Marc Tessier a indiqué que le rapport mentionne que le processus engagé crée un écosystème capable de répondre à la forte demande en matière de numérisation. Le rapport n’a pas voulu entrer dans les problèmes relatifs à la qualité de la numérisation, objets de nombreux débats au sein de la BnF.
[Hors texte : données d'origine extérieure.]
(* Let $\Sigma$ be a free boundary solution in the unit ball $B^3$ (a two-dimensional surface with unit normal $\nu=(\nu_1,\nu_2,\nu_3)$) which is not a plane disk. Then the linear span $\mathcal{C}$ of the functions $\nu_1,\nu_2,\nu_3,\ x\cdot\nu$ on $\Sigma$ is four-dimensional, where $x$ is the position vector.
   Context: A free boundary solution in $B^3$ is a minimal surface properly immersed in $B^3$ whose outward unit conormal along $\partial\Sigma$ agrees with the outward unit normal of $\partial B^3$. *)

theory Defs
  imports "HOL-Analysis.Analysis" "HOL-Analysis.Cross3" "HOL-Library.Function_Algebras"
begin

text \<open>Local coordinates (u,v) live in real \<times> real; the closed upper half plane
  models boundary charts (interior of the surface corresponds to v > 0).\<close>

definition halfplane :: "(real \<times> real) set" where
  "halfplane = {w. snd w \<ge> 0}"

definition pdir :: "bool \<Rightarrow> real \<times> real" where
  "pdir d = (if d then (0, 1) else (1, 0))"

fun iterpd :: "bool list \<Rightarrow> (real \<times> real \<Rightarrow> 'b::real_normed_vector) \<Rightarrow> real \<times> real \<Rightarrow> 'b" where
  "iterpd [] f = f"
| "iterpd (d # ds) f = (\<lambda>x. vector_derivative (\<lambda>t. iterpd ds f (x + t *\<^sub>R pdir d)) (at 0))"

definition smooth_on :: "(real \<times> real) set \<Rightarrow> (real \<times> real \<Rightarrow> 'b::real_normed_vector) \<Rightarrow> bool" where
  "smooth_on W f \<longleftrightarrow>
     (\<forall>ds. continuous_on W (iterpd ds f) \<and>
       (\<forall>x\<in>W. \<forall>d. ((\<lambda>t. iterpd ds f (x + t *\<^sub>R pdir d))
                      has_vector_derivative iterpd (d # ds) f x) (at 0)))"

abbreviation Du :: "(real \<times> real \<Rightarrow> real^3) \<Rightarrow> real \<times> real \<Rightarrow> real^3" where
  "Du F \<equiv> iterpd [False] F"
abbreviation Dv :: "(real \<times> real \<Rightarrow> real^3) \<Rightarrow> real \<times> real \<Rightarrow> real^3" where
  "Dv F \<equiv> iterpd [True] F"

definition mean_curvature :: "(real \<times> real \<Rightarrow> real^3) \<Rightarrow> real \<times> real \<Rightarrow> real" where
  "mean_curvature F w =
     (let Fu = Du F w; Fv = Dv F w;
          n = (1 / norm (cross3 Fu Fv)) *\<^sub>R (cross3 Fu Fv);
          E = Fu \<bullet> Fu; Fm = Fu \<bullet> Fv; G = Fv \<bullet> Fv;
          L = iterpd [False, False] F w \<bullet> n;
          Mm = iterpd [False, True] F w \<bullet> n;
          N = iterpd [True, True] F w \<bullet> n
      in (E * N - 2 * Fm * Mm + G * L) / (2 * (E * G - Fm\<^sup>2)))"

text \<open>Outward unit conormal at a boundary point (v = 0) of a chart: the unit tangent
  vector orthogonal to the boundary curve, pointing away from the surface (v < 0).\<close>
definition outward_conormal :: "(real \<times> real \<Rightarrow> real^3) \<Rightarrow> real \<times> real \<Rightarrow> real^3" where
  "outward_conormal F w =
     (let t = Du F w; q = Dv F w - ((Dv F w \<bullet> t) / (t \<bullet> t)) *\<^sub>R t
      in - ((1 / norm q) *\<^sub>R q))"

text \<open>A local parametrization around p of the abstract surface M (a topological space)
  along which the map X : M \<rightarrow> R^3 is a smooth immersion: psi maps W \<inter> halfplane
  homeomorphically onto an open subset of M containing p, and X \<circ> psi agrees there with
  a smooth immersion F defined on the open set W.\<close>
definition local_param ::
  "'a::topological_space set \<Rightarrow> ('a \<Rightarrow> real^3) \<Rightarrow> 'a \<Rightarrow> (real \<times> real) set
     \<Rightarrow> (real \<times> real \<Rightarrow> 'a) \<Rightarrow> (real \<times> real \<Rightarrow> real^3) \<Rightarrow> bool" where
  "local_param M X p W \<psi> F \<longleftrightarrow>
     open W \<and> p \<in> \<psi> ` (W \<inter> halfplane) \<and>
     (\<exists>g. homeomorphism (W \<inter> halfplane) (\<psi> ` (W \<inter> halfplane)) \<psi> g) \<and>
     openin (top_of_set M) (\<psi> ` (W \<inter> halfplane)) \<and>
     smooth_on W F \<and>
     (\<forall>w\<in>W \<inter> halfplane. X (\<psi> w) = F w) \<and>
     (\<forall>w\<in>W. cross3 (Du F w) (Dv F w) \<noteq> 0)"

definition immersed_surface :: "'a::t2_space set \<Rightarrow> ('a \<Rightarrow> real^3) \<Rightarrow> bool" where
  "immersed_surface M X \<longleftrightarrow>
     M \<noteq> {} \<and> compact M \<and> connected M \<and>
     (\<forall>p\<in>M. \<exists>W \<psi> F. local_param M X p W \<psi> F)"

definition surface_boundary :: "'a::topological_space set \<Rightarrow> ('a \<Rightarrow> real^3) \<Rightarrow> 'a set" where
  "surface_boundary M X =
     {p\<in>M. \<exists>W \<psi> F w. local_param M X p W \<psi> F \<and> w \<in> W \<and> snd w = 0 \<and> \<psi> w = p}"

definition unit_normal :: "'a::topological_space set \<Rightarrow> ('a \<Rightarrow> real^3) \<Rightarrow> ('a \<Rightarrow> real^3) \<Rightarrow> bool" where
  "unit_normal M X \<nu> \<longleftrightarrow>
     continuous_on M \<nu> \<and> (\<forall>p\<in>M. norm (\<nu> p) = 1) \<and>
     (\<forall>p W \<psi> F. local_param M X p W \<psi> F \<longrightarrow>
        (\<forall>w\<in>W \<inter> halfplane. \<nu> (\<psi> w) \<bullet> Du F w = 0 \<and> \<nu> (\<psi> w) \<bullet> Dv F w = 0))"

definition minimal_surface :: "'a::topological_space set \<Rightarrow> ('a \<Rightarrow> real^3) \<Rightarrow> bool" where
  "minimal_surface M X \<longleftrightarrow>
     (\<forall>p W \<psi> F. local_param M X p W \<psi> F \<longrightarrow> (\<forall>w\<in>W \<inter> halfplane. mean_curvature F w = 0))"

text \<open>Free boundary solution in the closed unit ball B^3: minimal, properly immersed
  (X(M) \<subseteq> B^3 and X(p) \<in> \<partial>B^3 iff p \<in> \<partial>M), and the outward unit conormal along the
  boundary equals the outward unit normal X(p) of the sphere.\<close>
definition free_boundary_solution :: "'a::t2_space set \<Rightarrow> ('a \<Rightarrow> real^3) \<Rightarrow> bool" where
  "free_boundary_solution M X \<longleftrightarrow>
     immersed_surface M X \<and> minimal_surface M X \<and>
     (\<forall>p\<in>M. norm (X p) \<le> 1) \<and>
     (\<forall>p\<in>M. norm (X p) = 1 \<longleftrightarrow> p \<in> surface_boundary M X) \<and>
     (\<forall>p W \<psi> F w. local_param M X p W \<psi> F \<and> w \<in> W \<and> snd w = 0 \<longrightarrow>
        outward_conormal F w = X (\<psi> w))"

definition plane_disk :: "'a set \<Rightarrow> ('a \<Rightarrow> real^3) \<Rightarrow> bool" where
  "plane_disk M X \<longleftrightarrow> (\<exists>a c. a \<noteq> 0 \<and> X ` M = {x. norm x \<le> 1 \<and> a \<bullet> x = c})"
Théo Hoffenberg, PDG Reverso Softissimo a indiqué que dans le domaine de la traduction, comme dans le domaine de la cartographie, se pose également le problème de la position dominante de Google. Il a aussi souligné l’importance de la réflexion éditoriale dans ce type de projet et la nécessité de prendre en compte les pratiques des utilisateurs, comme cela a été le cas avec le site web de l’INA, auquel Softissimo a collaboré. La réflexion sur la navigation doit être menée avec des communautés d’utilisateurs autour de la pratique du livre. Dans ce cadre, en ce qui concerne l’indexation, il n’y a pas de moyen d’imposer à Google des règles par la régulation ou de l’influencer sur cette question.
Marc Tessier s’interroge : doit-on engager une action contre Google concernant la position dominante de cet acteur ? La force de cet acteur a été de proposer l’interface de son moteur dans toutes les langues. Il ne faut pas se tromper de discours : de nombreux pays, y compris européens, s’accommodent très bien des offres de Google.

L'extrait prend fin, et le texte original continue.